# WHAT YOU HAVE TO DO
Set out the listing word for word. End with the line that contains "real measure) \<Rightarrow>".

Segment Start: THE RECORDS

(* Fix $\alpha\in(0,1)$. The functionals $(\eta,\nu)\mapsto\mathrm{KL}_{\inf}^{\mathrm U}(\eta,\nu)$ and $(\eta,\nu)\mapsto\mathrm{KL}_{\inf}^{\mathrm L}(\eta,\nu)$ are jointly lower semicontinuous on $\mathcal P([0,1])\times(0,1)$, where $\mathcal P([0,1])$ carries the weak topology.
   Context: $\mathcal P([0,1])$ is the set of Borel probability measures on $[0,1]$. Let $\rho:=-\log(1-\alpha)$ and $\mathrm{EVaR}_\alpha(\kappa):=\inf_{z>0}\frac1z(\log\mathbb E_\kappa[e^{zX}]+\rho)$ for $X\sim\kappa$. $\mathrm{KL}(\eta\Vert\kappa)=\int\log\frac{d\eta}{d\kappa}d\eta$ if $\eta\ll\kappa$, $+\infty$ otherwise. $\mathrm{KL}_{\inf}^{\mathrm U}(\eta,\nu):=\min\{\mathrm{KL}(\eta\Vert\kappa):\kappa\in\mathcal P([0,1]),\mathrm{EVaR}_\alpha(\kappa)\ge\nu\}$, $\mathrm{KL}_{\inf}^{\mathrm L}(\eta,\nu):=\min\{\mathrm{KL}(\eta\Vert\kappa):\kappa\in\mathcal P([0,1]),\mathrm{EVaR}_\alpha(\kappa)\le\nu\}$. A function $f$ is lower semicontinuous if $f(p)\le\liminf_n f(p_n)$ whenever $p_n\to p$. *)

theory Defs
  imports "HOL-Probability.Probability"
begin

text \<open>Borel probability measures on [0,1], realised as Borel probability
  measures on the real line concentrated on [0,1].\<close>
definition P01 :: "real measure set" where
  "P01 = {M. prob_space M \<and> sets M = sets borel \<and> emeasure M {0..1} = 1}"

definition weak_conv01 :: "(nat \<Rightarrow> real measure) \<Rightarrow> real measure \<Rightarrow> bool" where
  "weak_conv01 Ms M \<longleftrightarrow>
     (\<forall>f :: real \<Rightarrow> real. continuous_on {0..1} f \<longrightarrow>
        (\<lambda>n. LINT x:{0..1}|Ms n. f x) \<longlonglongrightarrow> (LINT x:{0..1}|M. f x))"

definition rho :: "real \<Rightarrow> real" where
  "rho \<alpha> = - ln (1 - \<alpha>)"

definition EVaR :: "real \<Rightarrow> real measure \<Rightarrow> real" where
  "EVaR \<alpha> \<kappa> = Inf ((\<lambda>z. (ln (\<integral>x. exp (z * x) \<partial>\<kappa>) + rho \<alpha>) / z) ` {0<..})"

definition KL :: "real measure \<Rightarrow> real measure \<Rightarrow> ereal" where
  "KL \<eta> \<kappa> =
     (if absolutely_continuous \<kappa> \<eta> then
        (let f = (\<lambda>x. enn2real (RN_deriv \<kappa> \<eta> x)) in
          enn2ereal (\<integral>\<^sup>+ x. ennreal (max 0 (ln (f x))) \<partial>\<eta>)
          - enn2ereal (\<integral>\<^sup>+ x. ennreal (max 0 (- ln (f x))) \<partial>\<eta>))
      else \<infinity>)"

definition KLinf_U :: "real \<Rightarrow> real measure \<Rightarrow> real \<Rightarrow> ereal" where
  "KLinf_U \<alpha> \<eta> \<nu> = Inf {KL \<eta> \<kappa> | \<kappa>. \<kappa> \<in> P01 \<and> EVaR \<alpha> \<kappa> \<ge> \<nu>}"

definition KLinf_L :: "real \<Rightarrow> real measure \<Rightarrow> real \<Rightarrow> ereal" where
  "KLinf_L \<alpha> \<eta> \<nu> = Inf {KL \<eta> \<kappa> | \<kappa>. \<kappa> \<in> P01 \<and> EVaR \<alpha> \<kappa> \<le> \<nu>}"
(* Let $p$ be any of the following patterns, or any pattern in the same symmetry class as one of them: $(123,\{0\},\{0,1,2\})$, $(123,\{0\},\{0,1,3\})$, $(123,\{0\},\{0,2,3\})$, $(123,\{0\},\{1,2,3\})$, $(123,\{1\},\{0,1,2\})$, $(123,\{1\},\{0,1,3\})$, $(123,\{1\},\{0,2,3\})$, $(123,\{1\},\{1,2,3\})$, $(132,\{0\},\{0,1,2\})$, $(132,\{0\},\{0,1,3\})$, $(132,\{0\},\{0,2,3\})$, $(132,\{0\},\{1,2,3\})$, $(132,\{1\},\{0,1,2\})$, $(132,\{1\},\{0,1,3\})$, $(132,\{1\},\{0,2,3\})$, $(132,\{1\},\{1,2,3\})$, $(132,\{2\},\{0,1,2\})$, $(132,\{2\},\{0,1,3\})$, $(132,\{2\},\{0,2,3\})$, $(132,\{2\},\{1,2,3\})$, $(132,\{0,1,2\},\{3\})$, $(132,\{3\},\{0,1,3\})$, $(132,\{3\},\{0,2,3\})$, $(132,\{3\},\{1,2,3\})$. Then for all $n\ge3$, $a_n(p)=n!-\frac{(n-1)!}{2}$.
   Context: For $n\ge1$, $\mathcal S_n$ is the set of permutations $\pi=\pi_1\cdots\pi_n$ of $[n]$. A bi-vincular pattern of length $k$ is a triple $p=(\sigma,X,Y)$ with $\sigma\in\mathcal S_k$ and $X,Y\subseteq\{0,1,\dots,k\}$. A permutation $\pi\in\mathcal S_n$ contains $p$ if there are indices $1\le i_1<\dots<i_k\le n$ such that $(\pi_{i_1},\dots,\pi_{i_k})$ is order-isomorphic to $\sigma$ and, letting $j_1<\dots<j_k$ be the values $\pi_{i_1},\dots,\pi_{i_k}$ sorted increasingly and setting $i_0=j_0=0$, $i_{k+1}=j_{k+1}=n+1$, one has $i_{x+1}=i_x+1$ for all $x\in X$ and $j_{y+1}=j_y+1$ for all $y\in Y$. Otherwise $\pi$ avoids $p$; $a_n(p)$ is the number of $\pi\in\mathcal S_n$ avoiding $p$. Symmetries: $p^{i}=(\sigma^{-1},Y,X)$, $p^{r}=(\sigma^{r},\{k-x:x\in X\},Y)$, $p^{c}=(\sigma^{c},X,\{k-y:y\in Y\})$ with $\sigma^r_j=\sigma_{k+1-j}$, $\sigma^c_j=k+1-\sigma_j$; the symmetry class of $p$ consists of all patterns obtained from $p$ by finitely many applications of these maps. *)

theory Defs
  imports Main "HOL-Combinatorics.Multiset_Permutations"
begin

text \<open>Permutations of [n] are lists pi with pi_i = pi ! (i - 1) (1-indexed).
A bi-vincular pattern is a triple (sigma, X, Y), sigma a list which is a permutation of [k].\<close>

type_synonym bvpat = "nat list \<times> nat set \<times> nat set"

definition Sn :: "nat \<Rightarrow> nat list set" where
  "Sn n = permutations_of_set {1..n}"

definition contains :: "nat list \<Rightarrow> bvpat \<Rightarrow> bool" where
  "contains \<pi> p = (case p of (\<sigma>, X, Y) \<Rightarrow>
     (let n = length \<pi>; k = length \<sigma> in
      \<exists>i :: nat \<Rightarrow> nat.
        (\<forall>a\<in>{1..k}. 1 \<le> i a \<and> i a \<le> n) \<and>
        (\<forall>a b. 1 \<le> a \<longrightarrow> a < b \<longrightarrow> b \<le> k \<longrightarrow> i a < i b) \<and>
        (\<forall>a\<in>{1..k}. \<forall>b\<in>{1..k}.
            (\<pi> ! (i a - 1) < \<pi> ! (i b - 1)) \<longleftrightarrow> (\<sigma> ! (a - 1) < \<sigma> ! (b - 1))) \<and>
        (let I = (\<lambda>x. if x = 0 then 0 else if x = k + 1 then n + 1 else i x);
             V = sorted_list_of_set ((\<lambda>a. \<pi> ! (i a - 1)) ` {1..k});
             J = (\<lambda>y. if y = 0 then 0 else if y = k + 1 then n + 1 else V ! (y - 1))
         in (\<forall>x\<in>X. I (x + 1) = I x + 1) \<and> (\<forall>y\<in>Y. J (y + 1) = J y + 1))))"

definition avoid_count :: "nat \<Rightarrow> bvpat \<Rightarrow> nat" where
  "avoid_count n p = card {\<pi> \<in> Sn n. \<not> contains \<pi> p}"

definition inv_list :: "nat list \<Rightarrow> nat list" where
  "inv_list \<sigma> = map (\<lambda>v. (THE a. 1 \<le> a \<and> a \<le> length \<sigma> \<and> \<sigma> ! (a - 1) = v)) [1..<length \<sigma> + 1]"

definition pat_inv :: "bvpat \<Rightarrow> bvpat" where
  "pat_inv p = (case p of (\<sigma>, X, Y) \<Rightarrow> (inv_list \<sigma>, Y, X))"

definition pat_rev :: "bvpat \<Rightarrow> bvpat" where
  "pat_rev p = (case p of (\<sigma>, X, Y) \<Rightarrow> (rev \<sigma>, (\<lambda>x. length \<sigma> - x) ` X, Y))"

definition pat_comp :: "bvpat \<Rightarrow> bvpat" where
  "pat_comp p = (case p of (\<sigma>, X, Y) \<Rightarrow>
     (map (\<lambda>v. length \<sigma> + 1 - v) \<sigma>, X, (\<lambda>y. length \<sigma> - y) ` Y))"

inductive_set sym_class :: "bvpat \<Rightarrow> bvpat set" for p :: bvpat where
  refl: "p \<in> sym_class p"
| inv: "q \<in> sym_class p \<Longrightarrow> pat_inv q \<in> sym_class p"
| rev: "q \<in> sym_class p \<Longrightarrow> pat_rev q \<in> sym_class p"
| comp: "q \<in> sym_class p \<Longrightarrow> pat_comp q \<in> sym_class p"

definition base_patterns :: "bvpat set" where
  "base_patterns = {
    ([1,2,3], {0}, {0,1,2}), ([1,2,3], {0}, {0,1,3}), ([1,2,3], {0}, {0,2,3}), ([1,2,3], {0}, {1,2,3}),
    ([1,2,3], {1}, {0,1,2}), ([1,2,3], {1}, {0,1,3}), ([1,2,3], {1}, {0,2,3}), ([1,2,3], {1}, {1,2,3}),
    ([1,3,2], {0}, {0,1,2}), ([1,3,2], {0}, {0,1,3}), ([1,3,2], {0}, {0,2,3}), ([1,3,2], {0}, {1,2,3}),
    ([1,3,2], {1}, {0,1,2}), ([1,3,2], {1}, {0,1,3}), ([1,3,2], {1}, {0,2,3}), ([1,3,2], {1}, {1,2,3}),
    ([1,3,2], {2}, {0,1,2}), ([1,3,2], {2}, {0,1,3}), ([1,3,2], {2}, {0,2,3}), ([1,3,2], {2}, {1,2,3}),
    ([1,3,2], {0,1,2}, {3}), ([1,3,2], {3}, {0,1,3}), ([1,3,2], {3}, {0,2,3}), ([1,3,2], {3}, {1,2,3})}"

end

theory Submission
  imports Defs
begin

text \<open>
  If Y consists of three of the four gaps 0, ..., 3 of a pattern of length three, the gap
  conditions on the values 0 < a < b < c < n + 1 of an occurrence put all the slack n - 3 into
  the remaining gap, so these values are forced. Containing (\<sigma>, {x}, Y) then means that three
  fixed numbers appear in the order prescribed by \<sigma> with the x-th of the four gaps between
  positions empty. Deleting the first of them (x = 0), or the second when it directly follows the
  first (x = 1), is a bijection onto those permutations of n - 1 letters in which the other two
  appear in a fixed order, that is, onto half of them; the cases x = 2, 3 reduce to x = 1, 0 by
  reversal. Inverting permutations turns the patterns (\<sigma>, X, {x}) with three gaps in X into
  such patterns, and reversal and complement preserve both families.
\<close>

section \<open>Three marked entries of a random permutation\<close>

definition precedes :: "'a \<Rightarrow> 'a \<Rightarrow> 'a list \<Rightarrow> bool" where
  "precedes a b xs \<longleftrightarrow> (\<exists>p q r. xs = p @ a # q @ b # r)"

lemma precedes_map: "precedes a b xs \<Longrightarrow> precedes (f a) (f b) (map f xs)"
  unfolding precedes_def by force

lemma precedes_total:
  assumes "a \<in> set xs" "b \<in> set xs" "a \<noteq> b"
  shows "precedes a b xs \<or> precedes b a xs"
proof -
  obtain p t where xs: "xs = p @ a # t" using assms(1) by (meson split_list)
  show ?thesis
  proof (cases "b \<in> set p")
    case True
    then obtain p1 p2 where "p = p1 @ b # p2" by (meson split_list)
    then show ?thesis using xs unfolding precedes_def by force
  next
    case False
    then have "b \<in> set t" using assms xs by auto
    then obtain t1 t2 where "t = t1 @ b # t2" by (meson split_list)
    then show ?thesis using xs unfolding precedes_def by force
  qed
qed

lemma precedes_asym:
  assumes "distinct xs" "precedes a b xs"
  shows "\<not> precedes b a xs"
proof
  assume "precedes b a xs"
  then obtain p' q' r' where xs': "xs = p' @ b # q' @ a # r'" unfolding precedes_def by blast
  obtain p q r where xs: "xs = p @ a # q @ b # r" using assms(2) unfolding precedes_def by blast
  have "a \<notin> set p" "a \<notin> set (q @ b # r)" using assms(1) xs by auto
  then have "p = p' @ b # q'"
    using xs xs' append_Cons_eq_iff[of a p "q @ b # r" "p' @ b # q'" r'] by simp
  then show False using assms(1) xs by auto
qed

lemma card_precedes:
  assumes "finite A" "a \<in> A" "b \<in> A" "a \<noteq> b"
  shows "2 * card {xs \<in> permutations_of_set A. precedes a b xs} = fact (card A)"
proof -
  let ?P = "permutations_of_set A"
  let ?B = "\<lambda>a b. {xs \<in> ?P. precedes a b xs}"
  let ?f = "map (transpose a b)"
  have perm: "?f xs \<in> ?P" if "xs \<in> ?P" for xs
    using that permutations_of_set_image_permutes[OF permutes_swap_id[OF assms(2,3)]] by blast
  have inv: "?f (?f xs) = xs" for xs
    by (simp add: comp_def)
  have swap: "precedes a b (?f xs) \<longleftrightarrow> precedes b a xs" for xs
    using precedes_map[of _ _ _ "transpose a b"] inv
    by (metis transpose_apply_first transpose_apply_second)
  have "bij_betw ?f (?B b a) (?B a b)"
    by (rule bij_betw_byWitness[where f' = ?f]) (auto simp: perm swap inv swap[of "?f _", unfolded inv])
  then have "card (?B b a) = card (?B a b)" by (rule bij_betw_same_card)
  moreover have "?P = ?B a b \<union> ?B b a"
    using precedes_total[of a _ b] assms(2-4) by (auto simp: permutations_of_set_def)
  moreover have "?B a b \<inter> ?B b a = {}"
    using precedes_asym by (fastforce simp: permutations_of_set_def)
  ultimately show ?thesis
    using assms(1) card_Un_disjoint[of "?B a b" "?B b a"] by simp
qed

Segment End: THE RECORDS

# RESPONSE TO THIS TASK
(* Fix $\alpha\in(0,1)$. The functionals $(\eta,\nu)\mapsto\mathrm{KL}_{\inf}^{\mathrm U}(\eta,\nu)$ and $(\eta,\nu)\mapsto\mathrm{KL}_{\inf}^{\mathrm L}(\eta,\nu)$ are jointly lower semicontinuous on $\mathcal P([0,1])\times(0,1)$, where $\mathcal P([0,1])$ carries the weak topology.
   Context: $\mathcal P([0,1])$ is the set of Borel probability measures on $[0,1]$. Let $\rho:=-\log(1-\alpha)$ and $\mathrm{EVaR}_\alpha(\kappa):=\inf_{z>0}\frac1z(\log\mathbb E_\kappa[e^{zX}]+\rho)$ for $X\sim\kappa$. $\mathrm{KL}(\eta\Vert\kappa)=\int\log\frac{d\eta}{d\kappa}d\eta$ if $\eta\ll\kappa$, $+\infty$ otherwise. $\mathrm{KL}_{\inf}^{\mathrm U}(\eta,\nu):=\min\{\mathrm{KL}(\eta\Vert\kappa):\kappa\in\mathcal P([0,1]),\mathrm{EVaR}_\alpha(\kappa)\ge\nu\}$, $\mathrm{KL}_{\inf}^{\mathrm L}(\eta,\nu):=\min\{\mathrm{KL}(\eta\Vert\kappa):\kappa\in\mathcal P([0,1]),\mathrm{EVaR}_\alpha(\kappa)\le\nu\}$. A function $f$ is lower semicontinuous if $f(p)\le\liminf_n f(p_n)$ whenever $p_n\to p$. *)

theory Defs
  imports "HOL-Probability.Probability"
begin

text \<open>Borel probability measures on [0,1], realised as Borel probability
  measures on the real line concentrated on [0,1].\<close>
definition P01 :: "real measure set" where
  "P01 = {M. prob_space M \<and> sets M = sets borel \<and> emeasure M {0..1} = 1}"

definition weak_conv01 :: "(nat \<Rightarrow> real measure) \<Rightarrow> real measure \<Rightarrow> bool" where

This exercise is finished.